Overview
The present study is therefore aimed at investigating the prevalence of hepatic alterations (laboratory and imaging) in adult patients with TS and generating hypothesissto the possible etiopathogenetic factors most involved, as well as evaluating the correlation between biochemical and structural abnormalities.
Thus, the study could provide relevant etiopathogenetic and prognostic results on the development of hepatopathy in TS patients.
Description
The study is an observational retrospective cohort type; patients with TS in longitudinal monitoring at the U.O.C. of Endocrinology and Diabetes Prevention and Care, DIMEC, of IRCCS Policlinico S. Orsola of Bologna will be enrolled. The diagnosis of TS was made for most patients by the Pediatrics unit of Policlinico S. Orsola; in rare cases it was performed in adulthood by our operating unit or at another center; in all cases, the diagnosis was made by karyotype analysis on peripheral blood.
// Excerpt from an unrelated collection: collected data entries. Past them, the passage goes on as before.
(* Let $m>1$, $D>0$, $r>0$, and let $b,d$ satisfy the standing assumptions below. For $c>0$ let $\phi_c$ be the function obtained by the delayed step-by-step construction described below. Then there exists a constant $\underline c>0$ such that for every $c\in(0,\underline c]$, $\phi_c$ decays to zero in finite time, i.e., there is $T\in(0,\infty)$ with $\phi_c>0$ on $(0,T)$ and $\phi_c(T)=0$.
   Context: Standing assumptions: $d\in C^2([0,+\infty))$ with $d(0)=0$, $d'(s)>0$, $d''(s)\ge0$ for $s>0$; $b\in C^1([0,+\infty);[0,+\infty))$ has exactly one positive local extremum point $s_M$ (its global maximum point), $b(0)=0$, there is $\kappa>0$ with $b(\kappa)=d(\kappa)$, $b'(0)>d'(0)$, $b'(\kappa)<d'(\kappa)$, $d(s)<b(s)\le b'(0)s$ for $s\in(0,\kappa)$, and $s_M<\kappa$. Construction of $\phi_c$: set $\phi_c(t)=0$ for $t\le0$. On $[0,cr)$ let $\phi_c=\phi_c^1$ be the maximal solution of $c\phi'=D(\phi^m)''-d(\phi)$ on $(0,cr)$ with $\phi(0)=0$, $(\phi^m)'(0)=0$, which is positive on $(0,cr)$. Inductively, for $k\ge2$, on $[(k-1)cr,kcr)$ let $\phi_c=\phi_c^k$ solve the initial value problem $$c\phi'(t)=D(\phi^m(t))''-d(\phi(t))+b(\phi_c^{k-1}(t-cr)),\qquad \phi((k-1)cr)=\phi_c^{k-1}((k-1)cr),\ \phi'((k-1)cr)=(\phi_c^{k-1})'((k-1)cr).$$ The construction is continued step by step as long as $\phi_c$ stays positive and finite; it stops if $\phi_c$ blows up or decays to zero in finite time; otherwise $\phi_c$ is defined on all of $(0,+\infty)$. *)

theory Defs
  imports "HOL-Analysis.Analysis"
begin

definition local_extremum_at :: "(real \<Rightarrow> real) \<Rightarrow> real \<Rightarrow> bool" where
  "local_extremum_at f s \<longleftrightarrow>
     (\<exists>e>0. (\<forall>y. 0 < y \<and> \<bar>y - s\<bar> < e \<longrightarrow> f y \<le> f s)
          \<or> (\<forall>y. 0 < y \<and> \<bar>y - s\<bar> < e \<longrightarrow> f s \<le> f y))"

text \<open>phi solves the delayed degenerate equation
  c phi' = D (phi^m)'' - d(phi) + b(phi(t - c r)) on (0,L), with phi = 0 on (-inf,0],
  phi > 0 on (0,L), phi^m in C^1 on (-inf,L) (so phi(0)=0 and (phi^m)'(0)=0).
  Since b(0)=0 and phi = 0 on (-inf,0], on (0,cr) this is the first-step equation; gluing
  of phi and phi' at the points k c r is encoded by the global regularity.\<close>
definition wave_sol ::
  "real \<Rightarrow> real \<Rightarrow> real \<Rightarrow> (real \<Rightarrow> real) \<Rightarrow> (real \<Rightarrow> real) \<Rightarrow> real \<Rightarrow> (real \<Rightarrow> real) \<Rightarrow> ereal \<Rightarrow> bool"
  where
  "wave_sol m D r b d c \<phi> L \<longleftrightarrow>
     0 < L \<and>
     (\<forall>t\<le>0. \<phi> t = 0) \<and>
     (\<forall>t. 0 < t \<and> ereal t < L \<longrightarrow> 0 < \<phi> t) \<and>
     continuous_on {t. ereal t < L} \<phi> \<and>
     (\<forall>t. ereal t < L \<longrightarrow> (\<lambda>s. \<phi> s powr m) differentiable (at t)) \<and>
     continuous_on {t. ereal t < L} (deriv (\<lambda>s. \<phi> s powr m)) \<and>
     deriv (\<lambda>s. \<phi> s powr m) 0 = 0 \<and>
     (\<forall>t. 0 < t \<and> ereal t < L \<longrightarrow>
        \<phi> differentiable (at t) \<and>
        deriv (\<lambda>s. \<phi> s powr m) differentiable (at t) \<and>
        c * deriv \<phi> t = D * deriv (deriv (\<lambda>s. \<phi> s powr m)) t - d (\<phi> t) + b (\<phi> (t - c * r)))"

text \<open>phi_c on its maximal interval (0,L) of positive existence: a solution that admits no
  proper extension.\<close>
definition wave_profile ::
  "real \<Rightarrow> real \<Rightarrow> real \<Rightarrow> (real \<Rightarrow> real) \<Rightarrow> (real \<Rightarrow> real) \<Rightarrow> real \<Rightarrow> (real \<Rightarrow> real) \<Rightarrow> ereal \<Rightarrow> bool"
  where
  "wave_profile m D r b d c \<phi> L \<longleftrightarrow>
     wave_sol m D r b d c \<phi> L \<and>
     (\<forall>\<psi> L'. wave_sol m D r b d c \<psi> L' \<and> L \<le> L' \<and> (\<forall>t. ereal t < L \<longrightarrow> \<psi> t = \<phi> t)
        \<longrightarrow> L' = L)"

end

theory Submission
  imports Defs
begin

(* Since b'(0) > d'(0), near 0 we have d s <= delta s and beta s <= b s with delta < beta.
   Integrating the equation once gives
     D (phi^m)'(t) = c phi(t) + int_0^t (d (phi s) - b (phi (s - c r))) ds.
   While phi <= eps this yields D (phi^m)' <= A - (beta - delta) I, where I(t) = int_0^t phi
   and A = c eps (1 + beta r); multiplying by phi and integrating gives the energy bound
     m/(m+1) phi^(m+1) <= (A I - (beta - delta) I^2 / 2) / D <= A^2 / (2 (beta - delta) D),
   so for small c the profile never reaches eps.  Then I stays bounded, while
   D phi^m - c I - beta int_(t - c r)^t I decreases at a rate at least (beta - delta) I(1) > 0,
   so the profile cannot live forever.  At the end T of its life (phi^m)' is bounded below,
   hence phi has a limit at T; a positive limit would allow a continuation past T (obtained
   from a contraction argument for the integrated equation), contradicting maximality. *)

lemma ereal_le_less_trans: "s \<le> t \<Longrightarrow> ereal t < L \<Longrightarrow> ereal s < L"
  by (meson ereal_less_eq(3) le_less_trans)

lemma open_Collect_ereal_less: "open {t::real. ereal t < L}"
  by (rule open_Collect_less) (auto intro: continuous_on_ereal continuous_on_id continuous_on_const)

lemma DERIV_within_atLeast_imp_DERIV:
  assumes "(f has_real_derivative f') (at x within {a..})" "a < x"
  shows "(f has_real_derivative f') (at x)"
  using assms at_within_interior[of x "{a..}"] by simp

lemma continuous_on_atLeast_of_DERIV:
  fixes f f' :: "real \<Rightarrow> real"
  assumes "\<forall>s\<ge>a. (f has_real_derivative f' s) (at s within {a..})"
  shows "continuous_on {a..} f"
  using assms by (auto simp: continuous_on_eq_continuous_within intro: DERIV_continuous)

lemma nonneg_of_DERIV_nonneg_atLeast:
  fixes f f' :: "real \<Rightarrow> real"
  assumes der: "\<forall>s\<ge>0. (f has_real_derivative f' s) (at s within {0..})"
    and f'_nonneg: "\<And>s. 0 < s \<Longrightarrow> 0 \<le> f' s" and f0: "f 0 = 0" and s: "0 \<le> s"
  shows "0 \<le> f s"
proof -
  have "f 0 \<le> f s"
  proof (rule DERIV_nonneg_imp_increasing_open[of 0 s f, OF s])
    fix x assume x: "0 < x" "x < s"
    have "(f has_real_derivative f' x) (at x)"
      using der x by (intro DERIV_within_atLeast_imp_DERIV[of _ _ _ 0]) auto
    then show "\<exists>y. (f has_real_derivative y) (at x) \<and> 0 \<le> y"
      using f'_nonneg x by (intro exI[of _ "f' x"]) auto
  qed (rule continuous_on_subset[OF continuous_on_atLeast_of_DERIV[OF der]], auto)
  then show ?thesis using f0 by simp
qed

lemma linear_bounds_near_zero:
  fixes f f' :: "real \<Rightarrow> real"
  assumes der: "\<forall>s\<ge>0. (f has_real_derivative f' s) (at s within {0..})"
    and f'_cont: "continuous_on {0..} f'" and f0: "f 0 = 0"
    and lo: "a < f' 0" and hi: "f' 0 < a'"
  shows "\<exists>\<epsilon>>0. \<forall>s\<in>{0..\<epsilon>}. a * s \<le> f s \<and> f s \<le> a' * s"
proof -
  have "continuous (at 0 within {0..}) f'"
    using f'_cont by (simp add: continuous_on_eq_continuous_within)
  then have "\<forall>\<epsilon>>0. \<exists>e>0. \<forall>s\<in>{0..}. \<bar>s\<bar> < e \<longrightarrow> \<bar>f' s - f' 0\<bar> < \<epsilon>"
    unfolding continuous_within_eps_delta dist_real_def by simp
  from this[rule_format, of "min (f' 0 - a) (a' - f' 0)"] lo hi
  obtain e where e: "e > 0" and near0: "\<forall>s\<in>{0..}. \<bar>s\<bar> < e \<longrightarrow> \<bar>f' s - f' 0\<bar> < min (f' 0 - a) (a' - f' 0)"
    by auto
  have near: "a < f' s \<and> f' s < a'" if "0 \<le> s" "s < e" for s
    using near0 that by (auto simp: abs_less_iff)
  note f_cont = continuous_on_atLeast_of_DERIV[OF der]
  have "a * s \<le> f s \<and> f s \<le> a' * s" if s: "s \<in> {0..e/2}" for s
  proof
    have der_at: "(f has_real_derivative f' x) (at x)" if "0 < x" "x < s" for x
      using der that by (intro DERIV_within_atLeast_imp_DERIV[of _ _ _ 0]) auto
    have "f 0 - a * 0 \<le> f s - a * s"
    proof (rule DERIV_nonneg_imp_increasing_open[of 0 s "\<lambda>x. f x - a * x"])
      fix x assume x: "0 < x" "x < s"
      show "\<exists>y. ((\<lambda>x. f x - a * x) has_real_derivative y) (at x) \<and> 0 \<le> y"
        using der_at[OF x] near[of x] x s
        by (intro exI[of _ "f' x - a"]) (auto intro!: derivative_eq_intros)
    qed (use s in \<open>auto intro!: continuous_intros continuous_on_subset[OF f_cont]\<close>)
    then show "a * s \<le> f s" using f0 by simp
    have "a' * 0 - f 0 \<le> a' * s - f s"
    proof (rule DERIV_nonneg_imp_increasing_open[of 0 s "\<lambda>x. a' * x - f x"])
      fix x assume x: "0 < x" "x < s"
      show "\<exists>y. ((\<lambda>x. a' * x - f x) has_real_derivative y) (at x) \<and> 0 \<le> y"
        using der_at[OF x] near[of x] x s
        by (intro exI[of _ "a' - f' x"]) (auto intro!: derivative_eq_intros)
    qed (use s in \<open>auto intro!: continuous_intros continuous_on_subset[OF f_cont]\<close>)
    then show "f s \<le> a' * s" using f0 by simp
  qed
  then show ?thesis using e by (intro exI[of _ "e/2"]) auto
qed

lemma linear_bounds_of_derivative_gap:
  fixes b d b' d' :: "real \<Rightarrow> real"
  assumes d_der: "\<forall>s\<ge>0. (d has_real_derivative d' s) (at s within {0..})"
    and d'_cont: "continuous_on {0..} d'" and d0: "d 0 = 0"
    and b_der: "\<forall>s\<ge>0. (b has_real_derivative b' s) (at s within {0..})"
    and b'_cont: "continuous_on {0..} b'" and b0: "b 0 = 0"
    and gap: "0 \<le> d' 0" "d' 0 < b' 0"
  shows "\<exists>\<epsilon> \<delta> \<beta>. 0 < \<epsilon> \<and> 0 \<le> \<beta> \<and> \<delta> < \<beta> \<and> (\<forall>s\<in>{0..\<epsilon>}. d s \<le> \<delta> * s) \<and> (\<forall>s\<in>{0..\<epsilon>}. \<beta> * s \<le> b s)"
proof -
  define \<delta> where "\<delta> = (3 * d' 0 + b' 0) / 4"
  define \<beta> where "\<beta> = (d' 0 + 3 * b' 0) / 4"
  obtain \<epsilon>\<^sub>d where "0 < \<epsilon>\<^sub>d" and d_le: "\<forall>s\<in>{0..\<epsilon>\<^sub>d}. d s \<le> \<delta> * s"
    using linear_bounds_near_zero[OF d_der d'_cont d0, of "d' 0 - 1" \<delta>] gap by (auto simp: \<delta>_def)
  obtain \<epsilon>\<^sub>b where "0 < \<epsilon>\<^sub>b" and b_ge: "\<forall>s\<in>{0..\<epsilon>\<^sub>b}. \<beta> * s \<le> b s"
    using linear_bounds_near_zero[OF b_der b'_cont b0, of \<beta> "b' 0 + 1"] gap by (auto simp: \<beta>_def)
  show ?thesis
    using \<open>0 < \<epsilon>\<^sub>d\<close> \<open>0 < \<epsilon>\<^sub>b\<close> d_le b_ge gap
    by (intro exI[of _ "min \<epsilon>\<^sub>d \<epsilon>\<^sub>b"] exI[of _ \<delta>] exI[of _ \<beta>]) (auto simp: \<delta>_def \<beta>_def)
qed

lemma exists_bound_square_less:
  fixes k Q :: real
  assumes k: "0 < k" and Q: "0 < Q"
  shows "\<exists>c\<^sub>0>0. \<forall>c. 0 < c \<and> c \<le> c\<^sub>0 \<longrightarrow> (c * k)\<^sup>2 < Q"
proof (intro exI conjI allI impI)
  show "0 < sqrt Q / (2 * k)" using k Q by simp
  fix c assume c: "0 < c \<and> c \<le> sqrt Q / (2 * k)"
  then have "c * k \<le> sqrt Q / 2" using k by (simp add: pos_le_divide_eq mult.commute)
  then have "(c * k)\<^sup>2 \<le> (sqrt Q / 2)\<^sup>2" using c k by (intro power_mono) auto
  also have "\<dots> < Q" using Q by (simp add: power_divide)
  finally show "(c * k)\<^sup>2 < Q" .
qed

lemma lipschitz_on_interval_of_continuous_derivative:
  fixes f f' :: "real \<Rightarrow> real"
  assumes der: "\<And>s. s \<in> {a..b} \<Longrightarrow> (f has_real_derivative f' s) (at s within {a..b})"
    and f'_cont: "continuous_on {a..b} f'"
  shows "\<exists>K. K-lipschitz_on {a..b} f"
proof -
  obtain K0 where K0: "\<forall>s\<in>{a..b}. norm (f' s) \<le> K0"
    using compact_imp_bounded[OF compact_continuous_image[OF f'_cont compact_Icc]]
    unfolding bounded_iff by blast
  have "(max K0 0)-lipschitz_on {a..b} f"
  proof (rule lipschitz_onI)
    fix x y assume "x \<in> {a..b}" "y \<in> {a..b}"
    then show "dist (f x) (f y) \<le> max K0 0 * dist x y"
      using field_differentiable_bound[OF convex_real_interval(5) der, of "max K0 0" x y] K0
      by (force simp: dist_norm)
  qed simp
  then show ?thesis ..
qed

lemma lipschitz_on_powr:
  fixes lo q :: real
  assumes lo: "0 < lo" and q: "0 < q" "q \<le> 1"
  shows "(q * lo powr (q - 1))-lipschitz_on {lo..} (\<lambda>x. x powr q)"
proof (rule lipschitz_onI)
  have der: "((\<lambda>x. x powr q) has_real_derivative q * z powr (q - 1)) (at z within {lo..})"
    if "z \<in> {lo..}" for z
    using that lo by (auto intro: has_field_derivative_at_within[OF has_real_derivative_powr])
  have bound: "norm (q * z powr (q - 1)) \<le> q * lo powr (q - 1)" if "z \<in> {lo..}" for z
    using that lo q powr_mono2'[of "q - 1" lo z] by (simp add: abs_mult)
  fix x y :: real assume "x \<in> {lo..}" "y \<in> {lo..}"
  then show "dist (x powr q) (y powr q) \<le> q * lo powr (q - 1) * dist x y"
    using field_differentiable_bound[OF convex_real_interval(1) der bound] by (simp add: dist_norm)
qed (use q in simp)

lemma lipschitz_on_clipped_powr:
  fixes lo hi q :: real
  assumes lo: "0 < lo" and q: "0 < q" "q \<le> 1"
  shows "(q * lo powr (q - 1))-lipschitz_on UNIV (\<lambda>x. max lo (min hi x) powr q)"
proof -
  have "1-lipschitz_on UNIV (\<lambda>x::real. max lo (min hi x))"
    by (rule lipschitz_onI) (auto simp: dist_real_def max_def min_def)
  moreover have "(q * lo powr (q - 1))-lipschitz_on ((\<lambda>x. max lo (min hi x)) ` UNIV) (\<lambda>x. x powr q)"
    by (rule lipschitz_on_subset[OF lipschitz_on_powr[OF lo q]]) auto
  ultimately show ?thesis using lipschitz_on_compose2 by fastforce
qed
The patients, as per clinical practice, underwent clinical evaluation with measurement of anthropometric parameters; an evaluation of the patients' medical history will be performed, paying attention to possible diagnosis of metabolic comorbidities and autoimmune diseases. Complete information regarding the history of menstrual cycles and replacement therapies used will also be collected. Finally, laboratory investigations are planned.
Eligibility
Inclusion Criteria:
- Diagnosis of Turner syndrome made by karyotype analysis on peripheral blood.
- Age 18 years or older
- Written informed consent obtained
Exclusion Criteria:
- TS patients on therapy with drugs responsible for significant liver enzyme alterations (liver function alteration, LFA).